[Start of section]

lemma smult_closed [simp]:
  "a \<in> carrier K \<Longrightarrow> x \<in> carrier (sp V s) \<Longrightarrow> a \<odot>\<^bsub>sp V s\<^esub> x \<in> carrier (sp V s)"
  by (rule module.smult_closed[OF module_sp])

lemma zero_closed [simp]: "\<zero>\<^bsub>sp V s\<^esub> \<in> carrier (sp V s)"
  using module.axioms(2)[OF module_sp] by (rule abelian_groupE(2))

lemma pers_iso_of_pointwise_bij:
  assumes f: "pers_hom K V W f" and bij: "\<And>s. bij_betw (f s) (carrier (sp V s)) (carrier (sp W s))"
  shows "pers_iso K V W f"
proof -
  define g where "g s = inv_into (carrier (sp V s)) (f s)" for s
  have lin_f: "lin K (sp V s) (sp W s) (f s)" for s
    using f unfolding pers_hom_def by blast
  have gf: "g s (f s x) = x" if "x \<in> carrier (sp V s)" for s x
    using that bij[of s] by (simp add: g_def bij_betw_def)
  have fg: "f s (g s y) = y" and g_closed: "g s y \<in> carrier (sp V s)"
    if "y \<in> carrier (sp W s)" for s y
    using that bij[of s] by (auto simp: g_def bij_betw_def intro: f_inv_into_f inv_into_into)
  have "pers_hom K W V g"
    unfolding pers_hom_def
  proof (intro conjI allI impI)
    show "lin K (sp W s) (sp V s) (g s)" for s
      unfolding g_def by (rule lin_inv_into[OF module_sp lin_f bij])
  next
    fix s t y assume st: "s \<le> t" and y: "y \<in> carrier (sp W s)"
    have "mp W s t y = f t (mp V s t (g s y))"
      using f st g_closed[OF y] by (simp add: pers_hom_def fg[OF y])
    then show "g t (mp W s t y) = mp V s t (g s y)"
      using gf st g_closed[OF y] by simp
  qed
  then show ?thesis
    unfolding pers_iso_def using f gf fg by blast
qed

lemma obs_hom_obs_of:
  assumes f: "pers_hom K U V f"
  shows "obs_hom K U V (obs_of V f)"
  unfolding obs_hom_def obs_of_def
proof (intro conjI allI impI)
  fix s and e :: real assume "0 < e"
  have "lin K (sp U s) (sp V s) (f s)"
    using f unfolding pers_hom_def by blast
  then show "lin K (sp U s) (sp V (up s e)) (\<lambda>x. mp V s (up s e) (f s x))"
    by (rule lin_comp) (rule lin_mp, simp add: less_imp_le \<open>0 < e\<close>)
next
  fix s and e e' e'' :: real and x
  assume e: "0 < e" "0 \<le> e''" "e'' < e'" "e' \<le> e" and x: "x \<in> carrier (sp U s)"
  have fx: "f s x \<in> carrier (sp V s)"
    using f x unfolding pers_hom_def by (blast dest: linD(1))
  have "f (up s e'') (mp U s (up s e'') x) = mp V s (up s e'') (f s x)"
    using f x e unfolding pers_hom_def by simp
  then show "mp V s (up s e) (f s x) =
      mp V (up s e') (up s e) (mp V (up s e'') (up (up s e'') (e' - e'')) (f (up s e'') (mp U s (up s e'') x)))"
    using e fx by simp
qed

subsection \<open>The lower envelope\<close>

definition meet_at :: "real^'n \<Rightarrow> real \<Rightarrow> 'c \<Rightarrow> real \<Rightarrow> 'c \<Rightarrow> real \<Rightarrow> bool" where
  "meet_at s e x d y h \<longleftrightarrow> mp V (up s (-e)) (up s (-h)) x = mp V (up s (-d)) (up s (-h)) y"

lemma meet_at_mono:
  assumes "meet_at s e x d y h" "0 < h'" "h' \<le> h" "h \<le> e" "h \<le> d"
    and "x \<in> carrier (sp V (up s (-e)))" "y \<in> carrier (sp V (up s (-d)))"
  shows "meet_at s e x d y h'"
proof -
  have "mp V (up s (-e)) (up s (-h')) x = mp V (up s (-h)) (up s (-h')) (mp V (up s (-e)) (up s (-h)) x)"
    using assms by simp
  also have "\<dots> = mp V (up s (-h)) (up s (-h')) (mp V (up s (-d)) (up s (-h)) y)"
    using assms(1) unfolding meet_at_def by simp
  also have "\<dots> = mp V (up s (-d)) (up s (-h')) y"
    using assms by simp
  finally show ?thesis
    unfolding meet_at_def .
qed

lemma mem_lcls:
  "(d, y) \<in> lcls V s e x \<longleftrightarrow> 0 < d \<and> y \<in> carrier (sp V (up s (-d))) \<and>
    (\<exists>h. 0 < h \<and> h \<le> e \<and> h \<le> d \<and> meet_at s e x d y h)"
  unfolding lcls_def meet_at_def by simp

[End of section]

## The task
Please filter the data down to the lines containing the word "impI".

## Solution to this task
  proof (intro conjI allI impI)
proof (intro conjI allI impI)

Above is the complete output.